### Work task
Nothing besides a number belongs in the answer, which is how many lines of the listing contain the string "indep".

_ _ _ _

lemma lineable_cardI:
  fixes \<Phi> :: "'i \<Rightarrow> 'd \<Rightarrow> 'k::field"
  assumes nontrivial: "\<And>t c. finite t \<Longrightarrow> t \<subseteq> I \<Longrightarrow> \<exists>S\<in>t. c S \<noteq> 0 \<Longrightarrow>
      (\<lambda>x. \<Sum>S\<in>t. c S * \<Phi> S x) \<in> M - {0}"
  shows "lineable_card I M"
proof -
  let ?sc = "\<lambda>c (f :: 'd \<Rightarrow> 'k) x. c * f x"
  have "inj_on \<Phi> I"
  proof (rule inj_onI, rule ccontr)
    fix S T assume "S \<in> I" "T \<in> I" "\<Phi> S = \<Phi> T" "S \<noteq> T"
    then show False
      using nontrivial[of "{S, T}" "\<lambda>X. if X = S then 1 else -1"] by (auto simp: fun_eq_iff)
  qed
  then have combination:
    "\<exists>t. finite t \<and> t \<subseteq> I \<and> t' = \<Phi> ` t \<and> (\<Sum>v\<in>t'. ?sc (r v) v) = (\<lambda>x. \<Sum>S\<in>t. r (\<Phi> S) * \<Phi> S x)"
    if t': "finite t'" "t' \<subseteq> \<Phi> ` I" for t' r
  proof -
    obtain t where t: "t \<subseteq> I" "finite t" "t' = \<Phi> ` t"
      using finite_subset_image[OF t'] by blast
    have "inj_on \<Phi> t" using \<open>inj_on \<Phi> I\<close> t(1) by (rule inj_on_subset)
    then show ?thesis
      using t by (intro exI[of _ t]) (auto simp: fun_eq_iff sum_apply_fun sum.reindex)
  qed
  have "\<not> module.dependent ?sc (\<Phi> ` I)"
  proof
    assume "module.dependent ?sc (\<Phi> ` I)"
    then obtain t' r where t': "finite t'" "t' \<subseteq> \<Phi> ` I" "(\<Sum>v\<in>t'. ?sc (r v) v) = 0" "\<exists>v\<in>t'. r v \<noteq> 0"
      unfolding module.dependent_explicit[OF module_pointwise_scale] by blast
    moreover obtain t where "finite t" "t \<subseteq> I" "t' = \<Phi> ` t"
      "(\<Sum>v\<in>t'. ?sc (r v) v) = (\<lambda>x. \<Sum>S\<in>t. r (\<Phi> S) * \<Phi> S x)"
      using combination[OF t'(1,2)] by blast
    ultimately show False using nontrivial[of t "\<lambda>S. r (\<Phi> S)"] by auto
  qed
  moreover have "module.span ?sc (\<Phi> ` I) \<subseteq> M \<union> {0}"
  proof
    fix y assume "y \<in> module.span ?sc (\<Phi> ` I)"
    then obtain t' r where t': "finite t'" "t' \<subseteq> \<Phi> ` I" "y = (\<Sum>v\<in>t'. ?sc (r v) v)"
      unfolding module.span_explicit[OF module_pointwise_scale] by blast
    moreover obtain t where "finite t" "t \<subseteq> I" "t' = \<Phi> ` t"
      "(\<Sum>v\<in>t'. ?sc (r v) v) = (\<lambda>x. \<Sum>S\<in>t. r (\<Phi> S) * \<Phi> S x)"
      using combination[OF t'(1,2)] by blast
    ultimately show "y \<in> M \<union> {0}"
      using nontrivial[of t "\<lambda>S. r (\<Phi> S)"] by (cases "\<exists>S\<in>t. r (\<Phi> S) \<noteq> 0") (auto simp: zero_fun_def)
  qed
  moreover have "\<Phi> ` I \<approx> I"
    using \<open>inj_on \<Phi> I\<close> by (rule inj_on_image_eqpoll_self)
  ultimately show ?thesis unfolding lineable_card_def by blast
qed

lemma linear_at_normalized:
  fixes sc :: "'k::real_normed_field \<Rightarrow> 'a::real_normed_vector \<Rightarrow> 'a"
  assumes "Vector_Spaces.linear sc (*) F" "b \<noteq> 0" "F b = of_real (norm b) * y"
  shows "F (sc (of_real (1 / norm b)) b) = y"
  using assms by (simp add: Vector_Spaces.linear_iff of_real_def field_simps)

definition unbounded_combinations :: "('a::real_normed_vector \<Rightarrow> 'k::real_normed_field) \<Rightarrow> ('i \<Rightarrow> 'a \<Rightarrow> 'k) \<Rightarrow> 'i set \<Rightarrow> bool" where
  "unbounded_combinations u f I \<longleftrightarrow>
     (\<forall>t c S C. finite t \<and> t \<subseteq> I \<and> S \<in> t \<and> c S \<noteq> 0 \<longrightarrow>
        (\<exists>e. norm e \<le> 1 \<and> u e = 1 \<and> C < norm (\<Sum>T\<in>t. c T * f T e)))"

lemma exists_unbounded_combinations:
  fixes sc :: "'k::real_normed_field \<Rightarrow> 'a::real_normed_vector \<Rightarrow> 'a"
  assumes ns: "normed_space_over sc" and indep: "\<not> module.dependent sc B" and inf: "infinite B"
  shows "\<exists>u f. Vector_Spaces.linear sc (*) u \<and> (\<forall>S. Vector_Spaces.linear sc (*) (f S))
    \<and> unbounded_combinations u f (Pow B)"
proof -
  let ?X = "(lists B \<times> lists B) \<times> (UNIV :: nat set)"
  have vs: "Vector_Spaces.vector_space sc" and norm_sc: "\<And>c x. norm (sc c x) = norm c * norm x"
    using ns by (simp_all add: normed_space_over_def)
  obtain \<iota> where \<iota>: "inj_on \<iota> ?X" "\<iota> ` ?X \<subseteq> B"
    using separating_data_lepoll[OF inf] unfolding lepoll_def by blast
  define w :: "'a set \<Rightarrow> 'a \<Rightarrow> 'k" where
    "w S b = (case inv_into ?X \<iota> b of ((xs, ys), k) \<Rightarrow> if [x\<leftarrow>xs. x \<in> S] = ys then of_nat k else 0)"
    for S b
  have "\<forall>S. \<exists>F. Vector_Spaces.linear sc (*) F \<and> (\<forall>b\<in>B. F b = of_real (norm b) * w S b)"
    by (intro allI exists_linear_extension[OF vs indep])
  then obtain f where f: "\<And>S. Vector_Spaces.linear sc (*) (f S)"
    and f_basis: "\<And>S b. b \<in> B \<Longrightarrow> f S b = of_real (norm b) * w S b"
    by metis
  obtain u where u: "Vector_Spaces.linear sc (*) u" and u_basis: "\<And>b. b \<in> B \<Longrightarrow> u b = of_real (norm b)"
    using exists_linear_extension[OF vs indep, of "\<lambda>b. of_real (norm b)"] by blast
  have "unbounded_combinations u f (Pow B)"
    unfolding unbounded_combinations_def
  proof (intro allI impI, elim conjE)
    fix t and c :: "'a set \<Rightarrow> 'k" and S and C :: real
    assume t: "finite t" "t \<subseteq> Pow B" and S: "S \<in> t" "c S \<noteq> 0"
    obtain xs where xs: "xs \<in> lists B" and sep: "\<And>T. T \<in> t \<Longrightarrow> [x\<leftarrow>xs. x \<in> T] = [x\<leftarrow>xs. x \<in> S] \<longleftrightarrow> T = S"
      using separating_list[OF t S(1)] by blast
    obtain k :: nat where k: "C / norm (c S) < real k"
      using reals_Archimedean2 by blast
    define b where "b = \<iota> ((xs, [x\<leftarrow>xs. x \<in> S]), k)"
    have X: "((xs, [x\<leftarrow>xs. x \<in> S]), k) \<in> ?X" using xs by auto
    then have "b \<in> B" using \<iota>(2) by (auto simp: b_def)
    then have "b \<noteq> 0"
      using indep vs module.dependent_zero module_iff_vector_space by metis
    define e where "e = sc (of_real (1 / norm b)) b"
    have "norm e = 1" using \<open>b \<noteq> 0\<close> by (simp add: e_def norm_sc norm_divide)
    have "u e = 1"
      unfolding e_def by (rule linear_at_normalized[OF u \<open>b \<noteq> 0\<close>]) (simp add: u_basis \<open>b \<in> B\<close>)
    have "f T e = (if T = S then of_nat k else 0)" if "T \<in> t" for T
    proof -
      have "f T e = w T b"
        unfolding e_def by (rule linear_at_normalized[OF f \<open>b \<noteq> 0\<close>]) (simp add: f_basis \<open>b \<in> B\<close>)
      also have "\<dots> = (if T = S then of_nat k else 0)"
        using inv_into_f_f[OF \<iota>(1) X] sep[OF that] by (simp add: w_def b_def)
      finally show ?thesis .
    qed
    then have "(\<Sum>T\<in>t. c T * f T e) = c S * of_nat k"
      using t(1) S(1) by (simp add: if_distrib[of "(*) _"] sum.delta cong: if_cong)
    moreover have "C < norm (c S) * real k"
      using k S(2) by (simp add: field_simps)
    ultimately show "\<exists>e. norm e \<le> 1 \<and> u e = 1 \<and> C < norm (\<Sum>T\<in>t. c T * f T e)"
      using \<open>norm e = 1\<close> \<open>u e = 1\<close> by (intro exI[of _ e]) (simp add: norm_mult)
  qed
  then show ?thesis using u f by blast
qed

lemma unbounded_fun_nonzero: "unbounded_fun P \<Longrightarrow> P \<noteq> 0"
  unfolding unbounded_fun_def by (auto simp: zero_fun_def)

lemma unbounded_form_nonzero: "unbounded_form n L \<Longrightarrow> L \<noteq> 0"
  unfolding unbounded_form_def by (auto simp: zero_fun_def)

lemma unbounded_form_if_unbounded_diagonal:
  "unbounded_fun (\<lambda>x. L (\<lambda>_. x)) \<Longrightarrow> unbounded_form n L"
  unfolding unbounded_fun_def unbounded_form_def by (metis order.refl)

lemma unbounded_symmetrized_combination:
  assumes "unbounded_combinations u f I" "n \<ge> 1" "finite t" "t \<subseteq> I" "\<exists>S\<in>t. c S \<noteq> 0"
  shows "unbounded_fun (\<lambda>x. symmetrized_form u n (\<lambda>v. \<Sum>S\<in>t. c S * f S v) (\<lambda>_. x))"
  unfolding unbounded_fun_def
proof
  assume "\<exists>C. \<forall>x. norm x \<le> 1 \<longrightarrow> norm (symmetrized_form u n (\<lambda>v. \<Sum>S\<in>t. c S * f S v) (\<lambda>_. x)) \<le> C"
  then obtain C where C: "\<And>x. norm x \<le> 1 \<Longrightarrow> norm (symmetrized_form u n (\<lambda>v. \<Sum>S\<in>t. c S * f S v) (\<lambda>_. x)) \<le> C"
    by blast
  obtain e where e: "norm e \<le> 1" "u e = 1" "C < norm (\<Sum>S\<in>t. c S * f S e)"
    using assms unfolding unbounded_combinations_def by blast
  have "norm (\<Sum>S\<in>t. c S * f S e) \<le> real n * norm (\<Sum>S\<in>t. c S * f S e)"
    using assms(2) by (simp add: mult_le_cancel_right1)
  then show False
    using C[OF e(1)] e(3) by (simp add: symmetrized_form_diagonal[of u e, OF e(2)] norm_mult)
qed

_ _ _ _

### Task result
4